Exercise data section start

(* For every integer $v\ge1$, $$B^{(2v)}_{2v}(v)=(-1)^v\,4v\sum_{n=0}^{v-1}(2\pi)^{2n-2v}\,\Gamma(2v-2n)\,s(v,n)\,\zeta(2v-2n)=(-1)^v\,2^{1-2v}\,\Gamma(2v+1)\sum_{n=0}^{v-1}\pi^{2n-2v}\,c_{2v,n}\,\zeta(2v-2n).$$
   Context: The Nörlund polynomials $B^{(a)}_n(x)$ are defined by $\left(\frac{t}{e^t-1}\right)^a e^{xt}=\sum_{n\ge0}B^{(a)}_n(x)\frac{t^n}{n!}$. For integers $v\ge1$ and $0\le n\le v-1$, $s(v,n)$ denotes the $n$-th elementary symmetric polynomial evaluated at $1^2,2^2,\dots,(v-1)^2$, with $s(v,0)=1$. The generalized cosecant numbers $c_{\rho,k}$ are the coefficients in $\left(\frac{x}{\sin x}\right)^{\rho}=\sum_{k\ge0}c_{\rho,k}x^{2k}$. $\zeta$ is the Riemann zeta function. *)

theory Defs
  imports "HOL-Analysis.Analysis" "HOL-Computational_Algebra.Formal_Power_Series"
begin

definition zeta :: "real \<Rightarrow> real" where
  "zeta s = (\<Sum>k. 1 / (real (Suc k)) powr s)"

text \<open>Generating function (t/(e^t-1))^a e^{xt}; (e^t-1)/t is the shift of e^t-1.\<close>
definition norlund_fps :: "nat \<Rightarrow> real \<Rightarrow> real fps" where
  "norlund_fps a x = (inverse (fps_shift 1 (fps_exp 1 - 1))) ^ a * fps_exp x"

definition norlund :: "nat \<Rightarrow> nat \<Rightarrow> real \<Rightarrow> real" where
  "norlund a n x = fact n * fps_nth (norlund_fps a x) n"

definition sq_esym :: "nat \<Rightarrow> nat \<Rightarrow> real" where
  "sq_esym v n = (\<Sum>S\<in>{S. S \<subseteq> {1..<v} \<and> card S = n}. \<Prod>k\<in>S. (real k)^2)"

text \<open>Generalized cosecant numbers: (x/sin x)^rho = sum c_{rho,k} x^{2k}.\<close>
definition cosec_num :: "nat \<Rightarrow> nat \<Rightarrow> real" where
  "cosec_num rho k = fps_nth ((inverse (fps_shift 1 (fps_sin 1))) ^ rho) (2 * k)"

end

theory Submission
  imports Defs "HOL-Complex_Analysis.Complex_Analysis"
begin

text \<open>
  The generating function \<open>(t / (e\<^sup>t - 1))\<^sup>2\<^sup>v e\<^sup>v\<^sup>t\<close> equals \<open>(t / (2 sinh (t/2)))\<^sup>2\<^sup>v\<close>, which is
  \<open>(x / sin x)\<^sup>2\<^sup>v\<close> at \<open>x = i t / 2\<close>; hence \<open>B\<^sup>(\<^sup>2\<^sup>v\<^sup>)\<^sub>2\<^sub>v(v)\<close> is \<open>(2v)! (-1/4)\<^sup>v\<close> times the coefficient
  of \<open>x\<^sup>2\<^sup>v\<close> in \<open>(x / sin x)\<^sup>2\<^sup>v\<close>. Since \<open>cos x / sin\<^sup>2\<^sup>v\<^sup>+\<^sup>1 x\<close> is a derivative, its residue vanishes,
  i.e. the coefficient of \<open>x\<^sup>2\<^sup>v\<close> in \<open>x cot x \<cdot> (x / sin x)\<^sup>2\<^sup>v\<close> is zero. Inserting
  \<open>x cot x = 1 - 2 \<Sum>\<^sub>k\<^sub>\<ge>\<^sub>1 \<zeta>(2k) x\<^sup>2\<^sup>k / \<pi>\<^sup>2\<^sup>k\<close>, obtained from the reflection formula of the digamma
  function, expresses the diagonal coefficient through the lower ones, which are the cosecant
  numbers \<open>c\<^sub>2\<^sub>v\<^sub>,\<^sub>n\<close>. Finally, the differential equation satisfied by the powers of \<open>x / sin x\<close>
  gives \<open>(2v-1)! c\<^sub>2\<^sub>v\<^sub>,\<^sub>n = 4\<^sup>n s(v,n) (2v-1-2n)!\<close>, which turns one form of the sum into the other.
\<close>

unbundle no vec_syntax

section \<open>Even power series\<close>

definition even_fps :: "'a::zero fps \<Rightarrow> bool" where
  "even_fps F \<longleftrightarrow> (\<forall>n. odd n \<longrightarrow> F $ n = 0)"

lemma even_fps_iff_compose_uminus:
  fixes F :: "'a::field_char_0 fps"
  shows "even_fps F \<longleftrightarrow> F oo - fps_X = F"
proof -
  have "(-1) ^ n * F $ n = F $ n \<longleftrightarrow> (odd n \<longrightarrow> F $ n = 0)" for n
    by (cases "even n") (auto simp: neg_eq_iff_add_eq_0 mult_2[symmetric])
  then show ?thesis
    by (simp add: even_fps_def fps_compose_uminus' fps_eq_iff)
qed

lemma even_fps_power:
  fixes F :: "'a::field_char_0 fps"
  shows "even_fps F \<Longrightarrow> even_fps (F ^ k)"
  by (simp add: even_fps_iff_compose_uminus fps_compose_power[symmetric])

lemma even_fps_inverse:
  fixes F :: "'a::field_char_0 fps"
  shows "even_fps F \<Longrightarrow> F $ 0 \<noteq> 0 \<Longrightarrow> even_fps (inverse F)"
  by (simp add: even_fps_iff_compose_uminus fps_inverse_compose)

text \<open>For even \<open>F\<close>, \<open>fps_even_scale c F\<close> is \<open>F(\<surd>c x)\<close>; \<open>c = -1/4\<close> gives the substitution \<open>x \<mapsto> i x / 2\<close>,
  which is not available over the reals.\<close>
definition fps_even_scale :: "'a::comm_ring_1 \<Rightarrow> 'a fps \<Rightarrow> 'a fps" where
  "fps_even_scale c F = Abs_fps (\<lambda>n. if even n then c ^ (n div 2) * F $ n else 0)"

lemma fps_even_scale_nth [simp]:
  "fps_even_scale c F $ n = (if even n then c ^ (n div 2) * F $ n else 0)"
  by (simp add: fps_even_scale_def)

lemma fps_even_scale_one [simp]: "fps_even_scale c 1 = 1"
  by (rule fps_ext) simp

lemma fps_even_scale_mult:
  assumes F: "even_fps F" and G: "even_fps G"
  shows "fps_even_scale c (F * G) = fps_even_scale c F * fps_even_scale c G"
proof (rule fps_ext)
  fix n
  have "fps_even_scale c F $ i * fps_even_scale c G $ (n - i)
          = (if even n then c ^ (n div 2) * (F $ i * G $ (n - i)) else 0)" if "i \<le> n" for i
  proof (cases "even i \<and> even (n - i)")
    case True
    then have "even n" "i div 2 + (n - i) div 2 = n div 2"
      using that by (auto elim!: evenE simp: dvd_diff_nat)
    then show ?thesis
      using True by (simp add: power_add[symmetric] mult_ac)
  next
    case False
    then consider "odd i" | "odd (n - i)"
      by blast
    then show ?thesis
      using F G by cases (auto simp: even_fps_def)
  qed
  then show "fps_even_scale c (F * G) $ n = (fps_even_scale c F * fps_even_scale c G) $ n"
    by (simp add: fps_mult_nth sum_distrib_left)
qed

lemma fps_even_scale_power:
  fixes F :: "'a::field_char_0 fps"
  shows "even_fps F \<Longrightarrow> fps_even_scale c (F ^ k) = fps_even_scale c F ^ k"
  by (induction k) (simp_all add: fps_even_scale_mult even_fps_power)

lemma fps_even_scale_inverse:
  fixes F :: "'a::field_char_0 fps"
  assumes "even_fps F" "F $ 0 \<noteq> 0"
  shows "fps_even_scale c (inverse F) = inverse (fps_even_scale c F)"
proof (rule fps_inverse_unique[symmetric])
  have "fps_even_scale c F * fps_even_scale c (inverse F) = fps_even_scale c (F * inverse F)"
    using assms by (simp add: fps_even_scale_mult even_fps_inverse)
  then show "fps_even_scale c F * fps_even_scale c (inverse F) = 1"
    using assms(2) by (simp add: inverse_mult_eq_1')
qed

section \<open>The power series of x / sin x\<close>

definition sinc_fps :: "real fps" where
  "sinc_fps = fps_shift 1 (fps_sin 1)"

definition x_csc_fps :: "real fps" where
  "x_csc_fps = inverse sinc_fps"

lemma sinc_fps_nth: "sinc_fps $ n = (if even n then (-1) ^ (n div 2) / fact (Suc n) else 0)"
  by (auto simp: sinc_fps_def fps_sin_def algebra_simps elim!: evenE)

lemma sinc_fps_nth_0 [simp]: "sinc_fps $ 0 = 1"
  by (simp add: sinc_fps_nth)

lemma fps_sin_eq_X_mult_sinc: "fps_sin 1 = fps_X * sinc_fps"
  by (rule fps_ext) (simp add: sinc_fps_def)

lemma sinc_mult_x_csc_fps [simp]: "sinc_fps * x_csc_fps = 1"
  by (simp add: x_csc_fps_def inverse_mult_eq_1')

lemma x_csc_fps_nth_0 [simp]: "x_csc_fps $ 0 = 1"
  by (simp add: x_csc_fps_def)

lemma x_csc_fps_power_nth_0 [simp]: "(x_csc_fps ^ m) $ 0 = 1"
  by (simp add: fps_power_zeroth)

lemma even_fps_sinc: "even_fps sinc_fps"
  by (simp add: even_fps_def sinc_fps_nth)

lemma even_fps_x_csc_power: "even_fps (x_csc_fps ^ m)"
  unfolding x_csc_fps_def by (intro even_fps_power even_fps_inverse even_fps_sinc) simp

lemma cosec_num_eq_x_csc_fps_power_nth: "cosec_num \<rho> k = (x_csc_fps ^ \<rho>) $ (2 * k)"
  by (simp add: cosec_num_def x_csc_fps_def sinc_fps_def)

lemma fps_even_scale_sinc:
  "fps_even_scale (-1/4) sinc_fps = fps_shift 1 (fps_exp (1/2) - fps_exp (-1/2))"
proof (rule fps_ext)
  fix n
  show "fps_even_scale (-1/4) sinc_fps $ n = fps_shift 1 (fps_exp (1/2) - fps_exp (-1/2)) $ n"
  proof (cases "even n")
    case True
    then obtain j where j: "n = 2 * j"
      by (elim evenE)
    have "(-1/4::real) ^ j * (-1) ^ j = (1/2) ^ (2 * j + 1) * 2"
      by (simp add: power_mult_distrib[symmetric] power_mult power_add power2_eq_square)
    moreover have "(1/2::real) ^ (2 * j + 1) - (-1/2) ^ (2 * j + 1) = (1/2) ^ (2 * j + 1) * 2"
      by (simp add: power_add power_mult)
    ultimately show ?thesis
      using j by (simp add: sinc_fps_nth del: fact_Suc)
  next
    case False
    then have "(-1/2::real) ^ (n + 1) = (1/2) ^ (n + 1)"
      by (simp add: power_divide)
    then show ?thesis
      using False by (simp add: sinc_fps_nth)
  qed
qed

lemma fps_shift_exp_sub_one_mult_exp:
  "fps_shift 1 (fps_exp 1 - 1) * fps_exp (-1/2) = fps_shift 1 (fps_exp (1/2) - fps_exp (-1/2 :: real))"
proof -
  let ?E = "fps_shift 1 (fps_exp 1 - 1 :: real fps)"
  have "?E * fps_X = fps_exp 1 - 1"
    by (rule fps_ext) simp
  then have "?E * fps_exp (-1/2) * fps_X = (fps_exp 1 - 1) * fps_exp (-1/2)"
    by (simp add: mult_ac)
  also have "\<dots> = fps_exp (1/2) - fps_exp (-1/2)"
    by (simp add: algebra_simps flip: fps_exp_add_mult)
  finally show ?thesis
    by (metis fps_shift_times_fps_X')
qed

lemma norlund_fps_eq_even_scale_x_csc:
  "norlund_fps (2 * v) (real v) = fps_even_scale (-1/4) (x_csc_fps ^ (2 * v))"
proof -
  let ?E = "fps_shift 1 (fps_exp (1::real) - 1)"
  have "inverse (fps_exp (-1/2 :: real)) = fps_exp (1/2)"
    by (rule fps_inverse_unique) (simp add: fps_exp_add_mult[symmetric])
  moreover have "fps_even_scale (-1/4) x_csc_fps
      = inverse (fps_shift 1 (fps_exp (1/2) - fps_exp (-1/2)))"
    unfolding x_csc_fps_def fps_even_scale_sinc[symmetric]
    by (rule fps_even_scale_inverse[OF even_fps_sinc]) simp
  ultimately have "fps_even_scale (-1/4) x_csc_fps = inverse ?E * fps_exp (1/2)"
    by (simp only: fps_shift_exp_sub_one_mult_exp[symmetric] fps_inverse_mult)
  then have "fps_even_scale (-1/4) x_csc_fps ^ (2 * v) = inverse ?E ^ (2 * v) * fps_exp (real v)"
    by (simp add: power_mult_distrib fps_exp_power_mult)
  then show ?thesis
    using fps_even_scale_power[OF even_fps_x_csc_power[of 1]] by (simp add: norlund_fps_def)
qed

lemma norlund_eq_x_csc_fps_power_nth:
  "norlund (2 * v) (2 * v) (real v) = fact (2 * v) * (-1/4) ^ v * (x_csc_fps ^ (2 * v)) $ (2 * v)"
  by (simp add: norlund_def norlund_fps_eq_even_scale_x_csc)

section \<open>The differential equation of the powers of x / sin x\<close>

lemma fps_XD_nth: "fps_XD F $ n = of_nat n * F $ n"
  by (simp add: fps_XD_def fps_mult_fps_X_deriv_shift)

lemma fps_XD_mult: "fps_XD (F * G) = fps_XD F * G + F * fps_XD (G :: 'a::comm_ring_1 fps)"
  by (simp add: fps_XD_def algebra_simps)

lemma fps_XD_diff: "fps_XD (F - G) = fps_XD F - fps_XD (G :: 'a::comm_ring_1 fps)"
  by (simp add: fps_XD_def algebra_simps)

lemma fps_XD_of_nat_mult: "fps_XD (of_nat c * F) = of_nat c * fps_XD (F :: 'a::comm_ring_1 fps)"
  by (simp add: fps_XD_def mult.left_commute)

lemma fps_of_nat_mult_nth: "(of_nat c * F) $ n = of_nat c * (F :: 'a::comm_ring_1 fps) $ n"
  by (simp flip: fps_of_nat)

lemma fps_XD_sinc: "fps_XD sinc_fps = fps_cos 1 - sinc_fps"
proof -
  have "fps_deriv (fps_X * sinc_fps) = fps_cos 1"
    by (simp flip: fps_sin_eq_X_mult_sinc add: fps_sin_deriv)
  then show ?thesis
    by (simp add: fps_XD_def algebra_simps)
qed

lemma fps_XD_cos: "fps_XD (fps_cos 1) = - (fps_X ^ 2 * sinc_fps)"
  by (simp add: fps_XD_def fps_cos_deriv fps_sin_eq_X_mult_sinc power2_eq_square
      fps_const_neg[symmetric])

lemma fps_cos_sq_add_X_sinc_sq: "fps_cos 1 ^ 2 + fps_X ^ 2 * sinc_fps ^ 2 = 1"
  using fps_sin_cos_sum_of_squares[of "1::real"]
  by (simp add: fps_sin_eq_X_mult_sinc power_mult_distrib)

lemma fps_XD_x_csc: "fps_XD x_csc_fps = x_csc_fps - fps_cos 1 * x_csc_fps ^ 2"
proof -
  have "fps_XD x_csc_fps = - fps_XD sinc_fps * x_csc_fps ^ 2"
    by (simp add: fps_XD_def x_csc_fps_def fps_inverse_deriv)
  also have "\<dots> = (sinc_fps * x_csc_fps) * x_csc_fps - fps_cos 1 * x_csc_fps ^ 2"
    by (simp add: fps_XD_sinc power2_eq_square algebra_simps)
  finally show ?thesis
    by simp
qed

lemma fps_XD_x_csc_power:
  "fps_XD (x_csc_fps ^ m) = of_nat m * x_csc_fps ^ m - of_nat m * fps_cos 1 * x_csc_fps ^ (m + 1)"
proof (cases m)
  case (Suc k)
  have "fps_deriv (x_csc_fps ^ m) = of_nat m * fps_deriv x_csc_fps * x_csc_fps ^ k"
    by (simp only: Suc fps_deriv_power' diff_Suc_1)
  then have "fps_XD (x_csc_fps ^ m) = of_nat m * fps_XD x_csc_fps * x_csc_fps ^ k"
    by (simp add: fps_XD_def mult_ac)
  then show ?thesis
    by (simp add: Suc fps_XD_x_csc power2_eq_square algebra_simps)
qed (simp add: fps_XD_def)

Exercise data section end

• _Your objective_
Show, from the entries above, every line that includes the string "noteq".

• _Result of this exercise_
  shows "even_fps F \<Longrightarrow> F $ 0 \<noteq> 0 \<Longrightarrow> even_fps (inverse F)"
  assumes "even_fps F" "F $ 0 \<noteq> 0"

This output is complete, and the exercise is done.